News

Ming-Chi Kuo: Integrating into the NVIDIA ecosystem will increase LPU production by 10 times, which will have a significant impact on the PCB supply chain

# Zhao Ying

Source: Wall Street CN

At NVIDIA’s GTC conference, Jensen Huang officially integrated the Groq 3 LPU into the Rubin platform. Ming-Chi Kuo immediately released a supply chain survey: LPU shipments are expected to reach **4–5 million units** in 2026–2027, a **10x surge** from historical annual output. Rack density jumps from 64 to 256 units, driving a new cycle in the PCB supply chain — **WUS Printed Circuit** could emerge as the biggest winner.

NVIDIA’s inclusion of Groq LPU technology in the Rubin platform is sparking a profound transformation at the supply-chain level.

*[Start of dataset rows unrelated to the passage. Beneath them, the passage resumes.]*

text \<open>(k - 1) s_k grows like k^3/4; we only need a fraction of that.\<close>
lemma cube_le_floor_half_sum:
  assumes "6 \<le> k"
  shows "real k ^ 3 \<le> 16 * real (k - 1) * real (floor_half_sum k)"
proof -
  define x where "x = real k"
  have x6: "6 \<le> x" using assms unfolding x_def by simp
  have k1: "real (k - 1) = x - 1" using assms unfolding x_def by simp
  have "real ((k - 1)^2) \<le> real (4 * floor_half_sum k + k)"
    using floor_half_sum_lower[of k] by (simp only: of_nat_le_iff)
  hence "(x - 1)^2 - x \<le> 4 * real (floor_half_sum k)" using k1 unfolding x_def by simp
  hence "4 * (x - 1) * ((x - 1)^2 - x) \<le> 4 * (x - 1) * (4 * real (floor_half_sum k))"
    using x6 by (intro mult_left_mono) auto
  moreover have "4 * (x - 1) * ((x - 1)^2 - x) = x^3 + x^2 * (3 * x - 16) + (16 * x - 4)"
    by (simp add: algebra_simps power2_eq_square power3_eq_cube)
  moreover have "0 \<le> x^2 * (3 * x - 16)" using x6 by simp
  ultimately have "x^3 \<le> 4 * (x - 1) * (4 * real (floor_half_sum k))" using x6 by linarith
  moreover have "4 * (x - 1) * (4 * real (floor_half_sum k))
                  = 16 * real (k - 1) * real (floor_half_sum k)" unfolding k1 by simp
  ultimately show ?thesis unfolding x_def by linarith
qed

lemma one_minus_prob_equal_parts_upper:
  assumes "6 \<le> k" "k \<le> n"
  shows "1 - prob_equal_parts n k \<le> 16 * (real n / real k ^ 3)"
proof -
  define m where "m = n - 1"
  define r where "r = k - 1"
  define s where "s = floor_half_sum k"
  define C where "C = m choose r"
  have C: "card (compositions n k) = C" "0 < C"
    using card_compositions[of k n] card_compositions_pos[of k n] assms
    unfolding C_def m_def r_def by auto
  have rm: "r \<le> m" "0 < real r" "real m \<le> real n" using assms unfolding r_def m_def by auto
  have cube: "real k ^ 3 \<le> 16 * real r * real s"
    using cube_le_floor_half_sum[OF assms(1)] unfolding r_def s_def .
  moreover have "0 < real k ^ 3" using assms by simp
  ultimately have s_pos: "0 < real s" by (cases "s = 0") auto
  have "card (distinct_compositions n k) \<le> (m - s) choose r"
    using card_distinct_compositions_le[of n k] fact_mult_card_strict_partitions_le[of k n] assms
    unfolding m_def s_def r_def by linarith
  hence "1 - prob_equal_parts n k \<le> real ((m - s) choose r) / real C"
    using C by (simp add: one_minus_prob_equal_parts divide_right_mono)
  also have "\<dots> \<le> (1 - real r / real m) ^ s"
    using binomial_shrink[OF rm(1), of s] C(2) unfolding C_def by (simp add: field_simps)
  also have "\<dots> \<le> 1 / (real s * (real r / real m))"
    using rm s_pos by (intro power_le_inverse) auto
  also have "\<dots> = real m / (real r * real s)" by simp
  also have "\<dots> \<le> real n / (real k ^ 3 / 16)"
    using rm s_pos cube assms by (intro frac_le) auto
  also have "\<dots> = 16 * (real n / real k ^ 3)" by simp
  finally show ?thesis .
qed

section \<open>The threshold n \<asymp> k^3\<close>

lemma prob_equal_parts_tendsto_0:
  fixes n k :: "nat \<Rightarrow> nat"
  assumes "\<And>m. 2 \<le> k m"
    and lim: "filterlim (\<lambda>m. real (n m) / real (k m) ^ 3) at_top sequentially"
  shows "(\<lambda>m. prob_equal_parts (n m) (k m)) \<longlonglongrightarrow> 0"
proof (rule Lim_null_comparison)
  have "eventually (\<lambda>m. 2 \<le> real (n m) / real (k m) ^ 3) sequentially"
    using lim by (simp add: filterlim_at_top)
  thus "eventually (\<lambda>m. norm (prob_equal_parts (n m) (k m))
          \<le> 2 / (real (n m) / real (k m) ^ 3)) sequentially"
  proof eventually_elim
    case (elim m)
    thus ?case using prob_equal_parts_upper[OF assms(1) elim] prob_equal_parts_nonneg[of "n m" "k m"]
      by simp
  qed
  show "(\<lambda>m. 2 / (real (n m) / real (k m) ^ 3)) \<longlonglongrightarrow> 0"
    by (rule tendsto_divide_0[OF tendsto_const filterlim_at_top_imp_at_infinity[OF lim]])
qed

lemma six_le_of_small_ratio:
  assumes "1 \<le> k" "k \<le> n" "real n / real k ^ 3 < 1 / 36"
  shows "6 \<le> k"
proof (rule ccontr)
  assume "\<not> 6 \<le> k"
  hence "real k ^ 2 \<le> 36" using power_mono[of "real k" 6 2] by simp
  moreover have k: "0 < real k" using assms(1) by simp
  ultimately have "1 / 36 \<le> 1 / real k ^ 2" by (intro divide_left_mono) auto
  also have "\<dots> = real k / real k ^ 3" using k by (simp add: power2_eq_square power3_eq_cube)
  also have "\<dots> \<le> real n / real k ^ 3" using assms(2) k(1) by (intro divide_right_mono) auto
  finally show False using assms(3) by linarith
qed

lemma prob_equal_parts_tendsto_1:
  fixes n k :: "nat \<Rightarrow> nat"
  assumes "\<And>m. 1 \<le> k m" "\<And>m. k m \<le> n m"
    and lim: "(\<lambda>m. real (n m) / real (k m) ^ 3) \<longlonglongrightarrow> 0"
  shows "(\<lambda>m. prob_equal_parts (n m) (k m)) \<longlonglongrightarrow> 1"
proof -
  have "(\<lambda>m. 1 - prob_equal_parts (n m) (k m)) \<longlonglongrightarrow> 0"
  proof (rule Lim_null_comparison)
    have "eventually (\<lambda>m. real (n m) / real (k m) ^ 3 < 1 / 36) sequentially"
      using lim by (rule order_tendstoD) simp
    thus "eventually (\<lambda>m. norm (1 - prob_equal_parts (n m) (k m))
            \<le> 16 * (real (n m) / real (k m) ^ 3)) sequentially"
    proof eventually_elim
      case (elim m)
      hence "6 \<le> k m" using six_le_of_small_ratio assms(1,2) by blast
      thus ?case using one_minus_prob_equal_parts_upper[OF _ assms(2)]
          prob_equal_parts_le_1[of "n m" "k m"] by simp
    qed
    show "(\<lambda>m. 16 * (real (n m) / real (k m) ^ 3)) \<longlonglongrightarrow> 0"
      using tendsto_mult_right_zero[OF lim] by simp
  qed
  hence "(\<lambda>m. 1 - (1 - prob_equal_parts (n m) (k m))) \<longlonglongrightarrow> 1 - 0"
    by (intro tendsto_diff tendsto_const)
  thus ?thesis by simp
qed

theorem mainTheorem3:
  fixes n k :: "nat \<Rightarrow> nat"
  assumes "\<And>m. k m \<ge> 2" and "\<And>m. n m \<ge> k m"
  shows "(filterlim (\<lambda>m. real (n m) / real (k m) ^ 3) at_top sequentially
            \<longrightarrow> (\<lambda>m. prob_equal_parts (n m) (k m)) \<longlonglongrightarrow> 0)
       \<and> ((\<lambda>m. real (n m) / real (k m) ^ 3) \<longlonglongrightarrow> 0
            \<longrightarrow> (\<lambda>m. prob_equal_parts (n m) (k m)) \<longlonglongrightarrow> 1)"
proof -
  have k_pos: "\<And>m. 1 \<le> k m" using assms(1) by (meson le_trans one_le_numeral)
  show ?thesis
    using prob_equal_parts_tendsto_0[of k n, OF assms(1)]
      prob_equal_parts_tendsto_1[of k n, OF k_pos assms(2)] by blast
qed

end
(* Let $(M,d)$ be a metric space having an accumulation point, and let $0<c<1$. Then there exists a distance $\overline d$ on $M$ with $c\,d\leq\overline d\leq d$ such that the Weak Besicovitch Covering Property (and hence BCP) does not hold for $\overline d$.
   Context: Balls are closed, $B_d(p,r)=\{q:d(q,p)\le r\}$, with fixed center and radius. A family of Besicovitch balls is a finite family $\{B_d(x_B,r_B)\}$ of balls such that $x_B\notin B'$ for all distinct $B,B'$ in the family and the intersection of all its balls is nonempty. w-BCP holds for $d$ if there is an integer $N\ge1$ such that every family of Besicovitch balls has cardinality at most $N$. BCP holds for $d$ if there is $N\geq1$ such that for every bounded $A\subset M$ and every family $\mathcal B$ of balls such that each point of $A$ is the center of some ball of $\mathcal B$, there is a subfamily $\mathcal F\subset\mathcal B$ with $\chi_A\leq\sum_{B\in\mathcal F}\chi_B\leq N$. *)

theory Defs
  imports "HOL-Analysis.Analysis"
begin

definition metric_on :: "'a set \<Rightarrow> ('a \<Rightarrow> 'a \<Rightarrow> real) \<Rightarrow> bool" where
  "metric_on M d \<longleftrightarrow>
     (\<forall>x\<in>M. \<forall>y\<in>M. 0 \<le> d x y) \<and>
     (\<forall>x\<in>M. \<forall>y\<in>M. d x y = 0 \<longleftrightarrow> x = y) \<and>
     (\<forall>x\<in>M. \<forall>y\<in>M. d x y = d y x) \<and>
     (\<forall>x\<in>M. \<forall>y\<in>M. \<forall>z\<in>M. d x z \<le> d x y + d y z)"

definition accumulation_point :: "'a set \<Rightarrow> ('a \<Rightarrow> 'a \<Rightarrow> real) \<Rightarrow> 'a \<Rightarrow> bool" where
  "accumulation_point M d p \<longleftrightarrow>
     p \<in> M \<and> (\<forall>e>0. \<exists>q\<in>M. q \<noteq> p \<and> d q p < e)"

text \<open>A ball is given by its centre and radius (a pair); its point set is the closed ball.\<close>
definition is_ball :: "'a set \<Rightarrow> ('a \<times> real) \<Rightarrow> bool" where
  "is_ball M B \<longleftrightarrow> fst B \<in> M \<and> 0 < snd B"

definition cball_d :: "'a set \<Rightarrow> ('a \<Rightarrow> 'a \<Rightarrow> real) \<Rightarrow> ('a \<times> real) \<Rightarrow> 'a set" where
  "cball_d M d B = {q \<in> M. d q (fst B) \<le> snd B}"

definition besicovitch_family :: "'a set \<Rightarrow> ('a \<Rightarrow> 'a \<Rightarrow> real) \<Rightarrow> ('a \<times> real) set \<Rightarrow> bool" where
  "besicovitch_family M d F \<longleftrightarrow>
     finite F \<and> (\<forall>B\<in>F. is_ball M B) \<and>
     (\<forall>B\<in>F. \<forall>B'\<in>F. B \<noteq> B' \<longrightarrow> fst B \<notin> cball_d M d B') \<and>
     (\<exists>p\<in>M. \<forall>B\<in>F. p \<in> cball_d M d B)"
lemma canon_edges_if_path:
  assumes c: "coord_dom n (Suc k) j" and path: "connected_by_path canon (k, j) (k, j + 1)"
  shows "circ canon (Suc k) j \<and> jl canon (Suc k) j \<and> jr canon (Suc k) j"
proof -
  have "Y k j = Y k (j + 1)" using path_connected_ext_eq[OF path] by simp
  then show ?thesis
    using tie_both_if_neighbours_eq[OF c] c by (simp add: canon_pattern_def coord_dom_iff_pat_dom)
qed

lemma enhanced_canon_pattern: "enhanced_GZ n lam canon"
  unfolding enhanced_GZ_def Let_def
  apply (intro conjI)
  subgoal using canon_GZ_pattern by (simp add: canon_pattern_def)
  subgoal by (simp add: canon_pattern_def)
  subgoal by (auto simp: canon_pattern_def coord_dom_iff_pat_dom)
  subgoal by (simp add: canon_pattern_def)
  subgoal using canon_edge_left by (simp add: canon_pattern_def)
  subgoal using canon_edge_right by (simp add: canon_pattern_def)
  subgoal using canon_double_edges by blast
  subgoal using tie_both_if_neighbours_eq[of 0] by (auto simp: canon_pattern_def coord_dom_def pat_dom_def)
  subgoal by (rule all_rows_Suc) (simp add: canon_left_edge_if_entry_eq)
  subgoal by (rule all_rows_Suc) (simp add: canon_right_edge_if_circ)
  subgoal by (rule all_rows_Suc) (simp add: canon_edges_if_path)
  subgoal by (rule all_rows_Suc) (simp add: canon_circ_joined)
  done

lemma canon_in_cell_hat: "y \<in> cell_hat n lam canon"
  unfolding cell_hat_iff
proof (intro conjI allI impI in_pts)
  fix i j assume "coord_dom n i j"
  then obtain k where i: "i = Suc k" and c: "coord_dom n (Suc k) j" by (cases i) (auto simp: coord_dom_def)
  let ?v = "y (Suc k) j"
  have free_open: "(if 2 \<le> A (Suc k) j - A k j then of_int (A (Suc k) j) - 1 < ?v else Y k j < ?v) \<and>
      (if A k (j + 1) = A (Suc k) j then ?v < Y k (j + 1) else ?v < of_int (A (Suc k) j))"
    if "?v \<noteq> Y k j" "?v \<noteq> Y k (j + 1)" "\<not> (?v \<in> \<int> \<and> of_int (A k j) < ?v)"
  proof -
    have "Y k j < ?v" "?v < Y k (j + 1)" using interlacing[OF c] that(1,2) by auto
    then show ?thesis
      unfolding canon_ent_Suc[OF c]
      using next_entry_open[of "Y k j" ?v "Y k (j + 1)" "A k j" "A k (j + 1)"] that(3) by simp
  qed
  show "cell_hat_conds n lam canon y i j"
  proof (rule cell_hat_condsI)
    assume "\<not> jl canon i j" "\<not> jr canon i j"
    then have no_tie: "?v \<noteq> Y k j" "?v \<noteq> Y k (j + 1)" using c by (simp_all add: canon_pattern_def i)
    {
      assume "circ canon i j"
      then show "y i j = of_int (ent canon i j)"
        using canon_ent_free_circ[OF c no_tie] no_tie by (simp add: canon_pattern_def i)
    next
      assume "\<not> circ canon i j"
      then have "\<not> (?v \<in> \<int> \<and> of_int (A k j) < ?v)"
        using c no_tie by (simp add: canon_pattern_def i coord_dom_iff_pat_dom)
      then show "(if 2 \<le> ent canon i j - ent canon (i - 1) j then of_int (ent canon i j) - 1 < y i j
          else Y (i - 1) j < y i j) \<and>
        (if ent canon (i - 1) (j + 1) = ent canon i j then y i j < Y (i - 1) (j + 1)
          else y i j < of_int (ent canon i j))"
        unfolding i diff_Suc_1 ent_canon by (rule free_open[OF no_tie])
    }
  qed (simp_all add: canon_pattern_def)
qed

lemma canon_span_GZ_bounds:
  assumes c: "coord_dom n i j"
  shows "\<forall>\<^sub>F z in near y. z \<in> aff_span (cell_hat n lam canon) \<longrightarrow>
    ext n lam z (i - 1) j \<le> z i j \<and> z i j \<le> ext n lam z (i - 1) (j + 1)"
proof -
  let ?L = "aff_span (cell_hat n lam canon)"
  have lower: "\<forall>\<^sub>F z in near y. z \<in> ?L \<longrightarrow> ext n lam z (i - 1) j \<le> z i j"
  proof (cases "y i j = Y (i - 1) j")
    case True
    then have "jl canon i j" using c by (simp add: canon_pattern_def)
    then have "z \<in> ?L \<longrightarrow> ext n lam z (i - 1) j \<le> z i j" for z
      by (auto dest: aff_span_cell_hat_joined_left[OF _ c])
    then show ?thesis by (intro always_eventually allI)
  next
    case False
    then have "Y (i - 1) j < Y i j" using interlacing[of "i - 1" j] c by (simp add: coord_dom_def)
    then have "\<forall>\<^sub>F z in near y. ext n lam z (i - 1) j < ext n lam z i j" by (rule eventually_near_ext_less)
    then show ?thesis by (rule eventually_mono) (use c in \<open>simp add: coord_dom_def\<close>)
  qed
  have upper: "\<forall>\<^sub>F z in near y. z \<in> ?L \<longrightarrow> z i j \<le> ext n lam z (i - 1) (j + 1)"
  proof (cases "y i j = Y (i - 1) (j + 1)")
    case True
    then have "jr canon i j" using c by (simp add: canon_pattern_def)
    then have "z \<in> ?L \<longrightarrow> z i j \<le> ext n lam z (i - 1) (j + 1)" for z
      by (auto dest: aff_span_cell_hat_joined_right[OF _ c])
    then show ?thesis by (intro always_eventually allI)
  next
    case False
    then have "Y i j < Y (i - 1) (j + 1)" using interlacing[of "i - 1" j] c by (simp add: coord_dom_def)
    then have "\<forall>\<^sub>F z in near y. ext n lam z i j < ext n lam z (i - 1) (j + 1)" by (rule eventually_near_ext_less)
    then show ?thesis by (rule eventually_mono) (use c in \<open>simp add: coord_dom_def\<close>)
  qed
  show ?thesis using eventually_conj[OF lower upper] by (rule eventually_mono) simp
qed

lemma canon_in_cell: "y \<in> cell n lam canon"
proof -
  let ?L = "aff_span (cell_hat n lam canon)"
  have "\<forall>\<^sub>F z in near y. z \<in> ?L \<longrightarrow> z \<in> GZ n lam"
    using aff_span_pts[OF cell_hat_subset_pts] canon_span_GZ_bounds by (rule eventually_in_GZ)
  moreover have "y \<in> ?L" using canon_in_cell_hat aff_span_superset by blast
  ultimately have "y \<in> rel_int_in ?L (GZ n lam \<inter> ?L)"
    unfolding rel_int_in_iff using in_GZ by simp
  then show ?thesis unfolding cell_def Let_def using canon_in_cell_hat by simp
qed

end

section \<open>Uniqueness\<close>

locale gz_cell = gz_point +
  fixes P :: epat
  assumes enhanced: "enhanced_GZ n lam P"
    and in_cell: "y \<in> cell n lam P"
begin

abbreviation "a \<equiv> ent P"

lemma ent_GZ_pattern: "GZ_pattern n lam a"
  using enhanced unfolding enhanced_GZ_def Let_def by (elim conjE)

lemma ent_outside: "\<not> pat_dom n i j \<Longrightarrow> a i j = 0"
  using ent_GZ_pattern by (simp add: GZ_pattern_def)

At NVIDIA’s GTC conference, CEO Jensen Huang announced the **Nvidia Groq 3 LPU** chip, formally adding it to the Vera Rubin platform as a core inference acceleration component for next‑generation AI data centers.

Famous Apple supply chain analyst Ming‑Chi Kuo quickly followed with a supply chain report. After NVIDIA’s investment in Groq, LPU shipment forecasts have been sharply revised upward. He estimates total LPU shipments will reach **4–5 million units** in 2026–2027, representing an increase of roughly **10 times** historical annual volumes.

Kuo believes this explosive growth is driven by two core forces:

1. Deep integration between the LPU and NVIDIA’s CUDA ecosystem drastically lowers development barriers.

2. Rapid expansion of ultra‑low‑latency inference scenarios such as AI agents, real‑time consumer applications, and physical AI.

He also noted that large‑scale mass production of LPU/LPX racks will heavily impact the PCB supply chain, with **WUS Printed Circuit** poised to be a key beneficiary.

## Jensen Huang at GTC: LPU officially becomes the 7th pillar of the Rubin platform

In his GTC keynote, Huang detailed how NVIDIA has integrated IP from last year’s Groq acquisition into the Rubin platform.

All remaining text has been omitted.